Oireachtas Joint and Select Committees

Thursday, 24 November 2016

Public Accounts Committee

Special Report No. 94 of the Comptroller and Auditor General: National Asset Management Agency Sale of Project Eagle (Resumed)

9:00 am

Mr. Seamus McCarthy:

Deputy Connolly raised a couple of items from Mr. McDonagh's statement, specifically the second last paragraph on the first page. My position is that different discount rates would be appropriate for estimating what a purchaser of a portfolio of non-performing loans might be willing or able to pay for them and what the loans might yield to NAMA if it worked them out, as planned, over the medium to long term. I have not changed my position in that regard. That is my response to that point.

An issue was also raised with regard to a reference on page 8 of the same statement. The reference is to the Comptroller and Auditor General's qualification of the report around probable loss and so on. The report refers to NAMA's projected cash flows yielding net receipts of £1.675 billion through working out the loans over the medium to long term. Obviously, any future cash flow is subject to a certain amount of uncertainty and the eventual net receipts might have been above or below that. That is really why I put the qualification of "probable" on the reference to the loss of value. We will never know what the outcome would have been. I do not think I mentioned figures of plus or minus £200 million and I certainly do not recall the detail of that. It is worthwhile for the committee to bear in mind that the cash flows that were prepared by NAMA for use in the financial statements would have been conservative. There was a possibility, certainly, that the values achieved could have been higher. The other element in that uncertainty was that PIMCO's indicative bid offered more for the top 55 assets than the cash flows were actually indicating they might yield two to three years into the future. That is an indication of the variance there.

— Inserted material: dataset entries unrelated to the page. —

(* Let $(E,\mathcal L)$ be a simple COM with tope set $\mathcal T$ and tope graph $G$. Then $$\mathcal L=\{X(G')\mid G'\text{ antipodal subgraph of }G\}=\{X(G')\mid G'\text{ antipodal gated subgraph of }G\}=\mathcal L(G),$$ where $\mathcal L(G)=\{X\in\{+,-,0\}^E\mid X\circ(-Y)\in\mathcal T\text{ for all }Y\in\mathcal T\}$. In particular, in the tope graph of a COM all antipodal subgraphs are gated.
   Context: Sign vectors: $E$ finite nonempty, $\emptyset\ne\mathcal L\subseteq\{+,-,0\}^E$; $S(X,Y)=\{e:X_eY_e=-\}$; $(X\circ Y)_e=X_e$ if $X_e\ne0$ else $Y_e$; $(-X)_e=-X_e$. (FS): $X\circ-Y\in\mathcal L$ for all $X,Y\in\mathcal L$. (SE): for $X,Y\in\mathcal L$, $e\in S(X,Y)$ there is $Z\in\mathcal L$ with $Z_e=0$ and $Z_f=(X\circ Y)_f$ for $f\notin S(X,Y)$. A COM satisfies (FS) and (SE). Simple: each coordinate takes all values $+,-,0$ on $\mathcal L$, and for $e\neq f$ there are $X,Y\in\mathcal L$ with $\{X_eX_f,Y_eY_f\}=\{+,-\}$. Topes $\mathcal T=\mathcal L\cap\{+,-\}^E$; the tope graph is the subgraph of the hypercube on $\{+,-\}^E$ induced by $\mathcal T$. For a simple COM the tope graph is an isometric subgraph (partial cube) whose $\Theta$-classes are indexed by $E$: the class of $e$ consists of the edges joining topes that differ exactly in coordinate $e$, and its halfspaces are the topes with $e$-coordinate $+$ resp. $-$. For a convex subgraph $G'$ of $G$, $X(G')\in\{+,-,0\}^E$ has $X(G')_e=+$ (resp. $-$) if all vertices of $G'$ have $e$-coordinate $+$ (resp. $-$), and $0$ otherwise. A subgraph is convex if it contains all shortest paths between its vertices; $\mathrm{conv}(S)$ is the smallest convex subgraph containing $S$. For a subgraph $H$ and $x\in H$, $-_Hx\in H$ with $\mathrm{conv}(x,-_Hx)=H$ is the antipode of $x$ in $H$; $H$ is antipodal if every vertex has an antipode in $H$. $H$ is gated if for every vertex $x$ of $G$ there is $x'\in H$ such that for every $y\in H$ some shortest $x$–$y$ path passes through $x'$. *)

theory Defs
  imports Main
begin

datatype sign = Pos | Neg | Zero

fun sign_mult :: "sign \<Rightarrow> sign \<Rightarrow> sign" where
  "sign_mult Zero _ = Zero"
| "sign_mult _ Zero = Zero"
| "sign_mult Pos Pos = Pos"
| "sign_mult Neg Neg = Pos"
| "sign_mult Pos Neg = Neg"
| "sign_mult Neg Pos = Neg"

fun sign_neg :: "sign \<Rightarrow> sign" where
  "sign_neg Pos = Neg" | "sign_neg Neg = Pos" | "sign_neg Zero = Zero"

definition signvectors :: "'e set \<Rightarrow> ('e \<Rightarrow> sign) set" where
  "signvectors E = {X. \<forall>e. e \<notin> E \<longrightarrow> X e = Zero}"

definition sep :: "'e set \<Rightarrow> ('e \<Rightarrow> sign) \<Rightarrow> ('e \<Rightarrow> sign) \<Rightarrow> 'e set" where
  "sep E X Y = {e \<in> E. sign_mult (X e) (Y e) = Neg}"
(* Let $N\geq 3$ be a prime integer and let $q\in\mathbb{C}$ satisfy $q^N=1$, $q\neq 1$. Let $X\subset\mathbb{R}^{N-1}$ be a nonempty convex subspace. Then the index map $\eta:(C^q_*(X),\partial)\to(\mathbb{Z}[q],[*]_q)$ induces an isomorphism in amplitude homology; that is, for every amplitude $1\leq m\leq N-1$ and every degree $n\in\mathbb{Z}$, the induced map $H_{m,n}(C^q_*(X))\to H_{m,n}(\mathbb{Z}[q],[*]_q)$ is an isomorphism of $\mathbb{Z}[q]$-modules.
   Context: $q$-numbers: $[k]_q=1+q+\cdots+q^{k-1}$ for $k\geq 1$. Singular $q$-chains: for a topological space $X$, $C^q_n(X)$ is the free $\mathbb{Z}[q]$-module with basis the continuous maps $\sigma:\Delta^n\to X$ (singular $n$-simplices), where $\Delta^n\subset\mathbb{R}^{n+1}$ is the convex hull of the standard basis $e_0,\dots,e_n$; $C^q_n(X)=0$ for $n<0$. For $0\leq j\leq n$, the $j$-th face of an $n$-simplex $\sigma$ ($n\geq 1$) is $\partial_j\sigma=\sigma\circ\lambda_j$, where $\lambda_j:\Delta^{n-1}\to\Delta^n$ is the affine map sending $e_0,\dots,e_{n-1}$ in order to $e_0,\dots,\widehat{e_j},\dots,e_n$. The border map $\partial:C^q_n(X)\to C^q_{n-1}(X)$ is the linear map $\partial=\sum_{j=0}^n q^j\partial_j$ for $n\ge1$, and $\partial=0$ on $C^q_0(X)$; one has $\partial^N=0$. Amplitude homology: for a graded module $M_*$ with a degree $-1$ endomorphism $\partial$ satisfying $\partial^N=0$, and $1\leq m\leq N-1$, $H_{m,n}(M)=\ker(\partial^m:M_n\to M_{n-m})/\operatorname{im}(\partial^{N-m}:M_{n+N-m}\to M_n)$. The $N$-complex $(\mathbb{Z}[q],[*]_q)$ has $\mathbb{Z}[q]$ in each degree $0\leq n\leq N-2$ and $0$ in all other degrees, with differential from degree $n$ to degree $n-1$ given by multiplication by $[n+1]_q$ for $1\leq n\leq N-2$ (and zero otherwise). The index map $\eta$ is the $\mathbb{Z}[q]$-linear graded map sending each singular $n$-simplex to $1\in\mathbb{Z}[q]$ in degree $n$ for $0\leq n\leq N-2$, and sending $C^q_n(X)$ to $0$ for $n\geq N-1$; it commutes with the differentials. *)

theory Defs
  imports "HOL-Analysis.Analysis" "HOL-Homology.Homology" "HOL-Library.Function_Algebras"
begin

definition Zq :: "complex \<Rightarrow> complex set" where
  "Zq q = {z. \<exists>p::int poly. z = poly (map_poly of_int p) q}"

definition qnum :: "complex \<Rightarrow> nat \<Rightarrow> complex" where
  "qnum q k = (\<Sum>i<k. q ^ i)"
lemma normal_form_self:
  "path v a \<Longrightarrow> path u b \<Longrightarrow> path_end r v a = path_end r u b \<Longrightarrow> null_or_normal (nf_word r v a b)"
  unfolding null_or_normal_def normal_form_def using word_cong_refl by blast

lemma cong_vertex_nf_word:
  assumes "path v a" "path u b"
  shows "word_cong I (LV v # nf_word r v a b) (nf_word r v a b)"
  by (rule word_cong_in_context[OF cong_source_path[OF assms(1)], of "[]" "ghosts b"])
    (use path_gens[OF assms(2)] in \<open>auto simp: nf_word_def\<close>)

lemma null_or_normal_Cons_vertex:
  assumes "y \<in> E0" and p: "path v a" "path u b" "path_end r v a = path_end r u b"
  shows "null_or_normal (LV y # nf_word r v a b)"
proof (cases "y = v")
  case True
  then show ?thesis
    by (intro null_or_normal_cong[OF _ _ normal_form_self[OF p]])
      (use cong_vertex_nf_word[OF p(1,2)] nf_word_gens[OF p(1,2)] in \<open>auto simp: word_deg_closed\<close>)
next
  case False
  have "word_null I ([LV y, LV v] @ nf_word r v a b)"
    using assms(1) path_start_in[OF p(1)] nf_word_gens[OF p(1,2)] False
    by (intro word_null_in_context[OF null_vertex_vertex, of y v "[]"]) auto
  moreover have "word_cong I ([LV y, LV v] @ nf_word r v a b) (LV y # nf_word r v a b)"
    by (rule word_cong_in_context[OF cong_vertex_nf_word[OF p(1,2)], of "[LV y]" "[]"])
      (use assms(1) in auto)
  ultimately show ?thesis
    unfolding null_or_normal_def by (blast intro: word_null_cong)
qed

lemma null_or_normal_Cons_edge:
  assumes e: "e \<in> E1" and p: "path v a" "path u b" "path_end r v a = path_end r u b"
  shows "null_or_normal (LE e # nf_word r v a b)"
proof (cases "r e = v")
  case True
  then have "path (s e) (e # a)" "path_end r (s e) (e # a) = path_end r u b"
    using e p by auto
  moreover have "LE e # nf_word r v a b = nf_word r (s e) (e # a) b"
    using True by (simp add: nf_word_Cons)
  ultimately show ?thesis
    using normal_form_self[OF _ p(2)] by simp
next
  case False
  have "word_null I ([LE e] @ [LV (r e), LV v] @ nf_word r v a b)"
    using e path_start_in[OF p(1)] nf_word_gens[OF p(1,2)] False
    by (intro word_null_in_context[OF null_vertex_vertex,
          of "r e" v "[LE e]" "nf_word r v a b"]) auto
  moreover have "word_cong I ([LE e, LV (r e)] @ LV v # nf_word r v a b) ([LE e] @ LV v # nf_word r v a b)"
    using e p nf_word_gens[OF p(1,2)] path_start_in[OF p(1)]
    by (intro word_cong_append_right cong_edge_range) auto
  moreover have "word_cong I ([LE e] @ LV v # nf_word r v a b) (LE e # nf_word r v a b)"
    by (rule word_cong_in_context[OF cong_vertex_nf_word[OF p(1,2)], of "[LE e]" "[]"])
      (use e in auto)
  ultimately show ?thesis
    unfolding null_or_normal_def by (auto intro: word_null_cong word_cong_trans)
qed

lemma null_or_normal_Cons_ghost:
  assumes e: "e \<in> E1" and p: "path v a" "path u b" "path_end r v a = path_end r u b"
  shows "null_or_normal (LG e # nf_word r v a b)"
proof (cases a)
  case Nil
  have gb: "set (ghosts b) \<subseteq> lgens E0 E1" using path_gens[OF p(2)] by auto
  have v: "v \<in> E0" using path_start_in[OF p(1)] .
  show ?thesis
  proof (cases "s e = v")
    case True
    have "word_cong I (LG e # nf_word r v a b) (LG e # ghosts b)"
      by (rule word_cong_in_context[OF cong_ghost_source[OF e], of "[]" "ghosts b"])
        (use gb e True Nil in \<open>auto simp: nf_word_Nil\<close>)
    also have "word_cong I \<dots> (nf_word r (r e) [] (b @ [e]))"
      by (rule word_cong_in_context[OF word_cong_sym[OF cong_range_ghost[OF e]],
            of "[]" "ghosts b"])
        (use gb e in \<open>auto simp: nf_word_Nil\<close>)
    finally have cong: "word_cong I (LG e # nf_word r v a b) (nf_word r (r e) [] (b @ [e]))" .
    have deg: "word_deg G d (LG e # nf_word r v a b) = word_deg G d (nf_word r (r e) [] (b @ [e]))"
      using word_deg_closed[OF gb] e Nil by (simp add: nf_word_Nil)
    have "path (r e) []" "path u (b @ [e])" "path_end r (r e) [] = path_end r u (b @ [e])"
      using path_append p e True Nil by (auto simp: path_end_append)
    then show ?thesis
      using null_or_normal_cong[OF cong deg normal_form_self] by blast
  next
    case False
    have "word_null I ([LG e] @ [LV (s e), LV v] @ ghosts b)"
      using gb e v False
      by (intro word_null_in_context[OF null_vertex_vertex, of "s e" v "[LG e]" "ghosts b"]) auto
    moreover have "word_cong I ([LG e, LV (s e)] @ LV v # ghosts b) ([LG e] @ LV v # ghosts b)"
      using gb e v by (intro word_cong_append_right cong_ghost_source) auto
    ultimately show ?thesis
      unfolding null_or_normal_def using Nil by (auto simp: nf_word_Nil intro: word_null_cong)
  qed
next
  case (Cons f a')
  then have f: "f \<in> E1" "s f = v" "path (r f) a'" using p by auto
  have g: "set (nf_word r (r f) a' b) \<subseteq> lgens E0 E1" using nf_word_gens[OF f(3) p(2)] .
  show ?thesis
  proof (cases "e = f")
    case True
    have "word_cong I (LG e # nf_word r v a b) (LV (r f) # nf_word r (r f) a' b)"
      by (rule word_cong_in_context[OF cong_ghost_edge[OF e], of "[]" "nf_word r (r f) a' b"])
        (use g e True Cons in \<open>auto simp: nf_word_Cons\<close>)
    also have "word_cong I \<dots> (nf_word r (r f) a' b)"
      using cong_vertex_nf_word[OF f(3) p(2)] .
    finally have cong: "word_cong I (LG e # nf_word r v a b) (nf_word r (r f) a' b)" .
    have deg: "word_deg G d (LG e # nf_word r v a b) = word_deg G d (nf_word r (r f) a' b)"
      using Cons True e word_deg_closed[OF g] by (simp add: nf_word_Cons G.m_assoc[symmetric])
    have "path_end r (r f) a' = path_end r u b" using p Cons by simp
    then show ?thesis
      using null_or_normal_cong[OF cong deg normal_form_self[OF f(3) p(2)]] by simp
  next
    case False
    have "word_null I (LG e # nf_word r v a b)"
      by (rule word_null_in_context[OF null_ghost_edge[OF e f(1) False],
            of "[]" "nf_word r (r f) a' b"])
        (use g Cons in \<open>auto simp: nf_word_Cons\<close>)
    then show ?thesis by (simp add: null_or_normal_def)
  qed
qed

lemma null_or_normal_Cons:
  assumes "x \<in> lgens E0 E1" "path v a" "path u b" "path_end r v a = path_end r u b"
  shows "null_or_normal (x # nf_word r v a b)"
  using assms null_or_normal_Cons_vertex null_or_normal_Cons_edge null_or_normal_Cons_ghost
  by (cases x) auto

lemma null_or_normal_word:
  assumes "w \<noteq> []" "set w \<subseteq> lgens E0 E1"
  shows "null_or_normal w"
  using assms
proof (induction w)
  case (Cons x w)
  have x: "x \<in> lgens E0 E1" and gw: "set w \<subseteq> lgens E0 E1" using Cons.prems by auto
  show ?case
  proof (cases "w = []")
    case True
    obtain z where z: "z \<in> E0" "word_cong I [x] (x # nf_word r z [] [])"
    proof (cases x)
      case (LV y)
      then show thesis using that[of y] x word_cong_sym[OF cong_vertex_idem] by (simp add: nf_word_Nil)
    next
      case (LE e)
      then show thesis using that[of "r e"] x word_cong_sym[OF cong_edge_range] by (simp add: nf_word_Nil)
    next
      case (LG e)
      then show thesis using that[of "s e"] x word_cong_sym[OF cong_ghost_source] by (simp add: nf_word_Nil)
    qed
    moreover have "word_deg G d [x] = word_deg G d (x # nf_word r z [] [])"
      using z(1) by (simp add: nf_word_Nil)
    ultimately show ?thesis
      using True x null_or_normal_Cons[OF x, of z "[]" z "[]"] null_or_normal_cong by auto
  next
    case False
    from Cons.IH[OF False gw] show ?thesis
      unfolding null_or_normal_def[of w]
    proof
      assume "word_null I w"
      then show ?thesis
        using word_null_append_left[of "[x]"] x by (simp add: null_or_normal_def)
    next
      assume "\<exists>v a u b. normal_form w v a u b"
      then obtain v a u b where p: "path v a" "path u b" "path_end r v a = path_end r u b"
        and "word_cong I w (nf_word r v a b)" "word_deg G d w = word_deg G d (nf_word r v a b)"
        unfolding normal_form_def by blast
      then show ?thesis
        using x null_or_normal_Cons[OF x p] word_cong_append_left[of "[x]"] null_or_normal_cong
        by (metis append_Cons append_Nil empty_subsetI insert_subset list.set word_deg_Cons)
    qed
  qed
qed simp

end

definition free_alg_deg ::
  "('g, 'b) monoid_scheme \<Rightarrow> 'v set \<Rightarrow> 'e set \<Rightarrow> ('e \<Rightarrow> 'g) \<Rightarrow> 'g \<Rightarrow> (('v, 'e) lgen list \<Rightarrow> 'r::{ring, monoid_mult}) set"
  where "free_alg_deg G E0 E1 d g = {f \<in> free_alg E0 E1. \<forall>w. f w \<noteq> 0 \<longrightarrow> word_deg G d w = g}"

lemma lpa_comp_eq: "lpa_comp G E0 E1 s r d g = lclass E0 E1 s r ` free_alg_deg G E0 E1 d g"
  by (simp add: lpa_comp_def free_alg_deg_def)

context graded_leavitt_graph
begin

abbreviation H :: "'g \<Rightarrow> (('v, 'e) lgen list \<Rightarrow> 'r) set" where
  "H \<equiv> free_alg_deg G E0 E1 d"

abbreviation S :: "'g \<Rightarrow> (('v, 'e) lgen list \<Rightarrow> 'r) set set" where
  "S \<equiv> lpa_comp G E0 E1 s r d"

lemma free_alg_deg_free_alg: "p \<in> H g \<Longrightarrow> p \<in> free_alg E0 E1"
  by (simp add: free_alg_deg_def)

lemma free_alg_deg_zero [simp]: "0 \<in> H g"
  by (simp add: free_alg_deg_def)

lemma free_alg_deg_add:
  assumes "p \<in> H g" "q \<in> H g"
  shows "p + q \<in> H g"
proof -
  have "p w \<noteq> 0 \<or> q w \<noteq> 0" if "(p + q) w \<noteq> 0" for w
    using that by auto
  then show ?thesis using assms by (auto simp: free_alg_deg_def)
qed

lemma free_alg_deg_smonom:
  "w \<noteq> [] \<Longrightarrow> set w \<subseteq> lgens E0 E1 \<Longrightarrow> word_deg G d w = g \<Longrightarrow> smonom c w \<in> H g"
  unfolding free_alg_deg_def using free_alg_smonom[of w E0 E1 c] by (auto simp: smonom_def)

lemma free_alg_deg_mult:
  assumes p: "p \<in> H g" and q: "q \<in> H h"
  shows "fa_mult p q \<in> H (g \<otimes>\<^bsub>G\<^esub> h)"
proof -
  have "word_deg G d w = g \<otimes>\<^bsub>G\<^esub> h" if nz: "fa_mult p q w \<noteq> 0" for w
  proof -
    obtain i where i: "p (take i w) \<noteq> 0" "q (drop i w) \<noteq> 0"
      using fa_mult_nonzero_split[OF nz] by blast
    then have "set (take i w) \<subseteq> lgens E0 E1" "set (drop i w) \<subseteq> lgens E0 E1"
      using p q by (auto simp: free_alg_deg_def free_alg_def)
    then have "word_deg G d w = word_deg G d (take i w) \<otimes>\<^bsub>G\<^esub> word_deg G d (drop i w)"
      using word_deg_append by (metis append_take_drop_id)
    then show ?thesis using i p q by (auto simp: free_alg_deg_def)
  qed
  then show ?thesis using p q by (auto simp: free_alg_deg_def)
qed

lemma free_alg_deg_induct [consumes 1, case_names zero add_smonom]:
  assumes "p \<in> H g" "P 0"
    and "\<And>q c w. q \<in> H g \<Longrightarrow> P q \<Longrightarrow> w \<noteq> [] \<Longrightarrow> set w \<subseteq> lgens E0 E1 \<Longrightarrow> word_deg G d w = g
      \<Longrightarrow> P (q + smonom c w)"
  shows "P p"
proof -
  have "p \<in> free_alg E0 E1" using assms(1) by (simp add: free_alg_deg_def)
  then have "p \<in> H g \<longrightarrow> P p"
  proof (induction p rule: free_alg_induct)
    case (add_smonom q c w)
    show ?case
    proof
      assume qcw: "q + smonom c w \<in> H g"
      have "q x = (q + smonom c w) x" if "q x \<noteq> 0" for x
        using that add_smonom.hyps(4) by (auto simp: smonom_def)
      then have q: "q \<in> H g"
        using qcw add_smonom.hyps(1) by (auto simp: free_alg_deg_def)
      show "P (q + smonom c w)"
      proof (cases "c = 0")
        case False
        then have "word_deg G d w = g"
          using qcw add_smonom.hyps(4) by (auto simp: free_alg_deg_def smonom_def)
        then show ?thesis using assms(3) add_smonom q by blast
      qed (use add_smonom q in simp)
    qed
  qed (simp add: assms(2) del: zero_fun_apply)
  then show ?thesis using assms(1) by blast
qed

I was also reflecting on the suggestion around the term "probable" and so on. I think I have explained previously that I changed from the use of the phrase "potential loss of value" on reflection in the last round up of the report. The key reason for that change was that if one was talking about an investment possibility where one was comparing two potential lines of activity or two potential investment options, comparing one with the other and projecting forward that one would yield a value of "X" and one would yield a value of "Y", then one is talking hypothetically in that situation but here we were actually talking about assets that were owned.

If one were not disposing of them in a way that yielded what they were worth at the time or they might yield in the future and disposed of them at a lower price, it would result in a probable loss of value.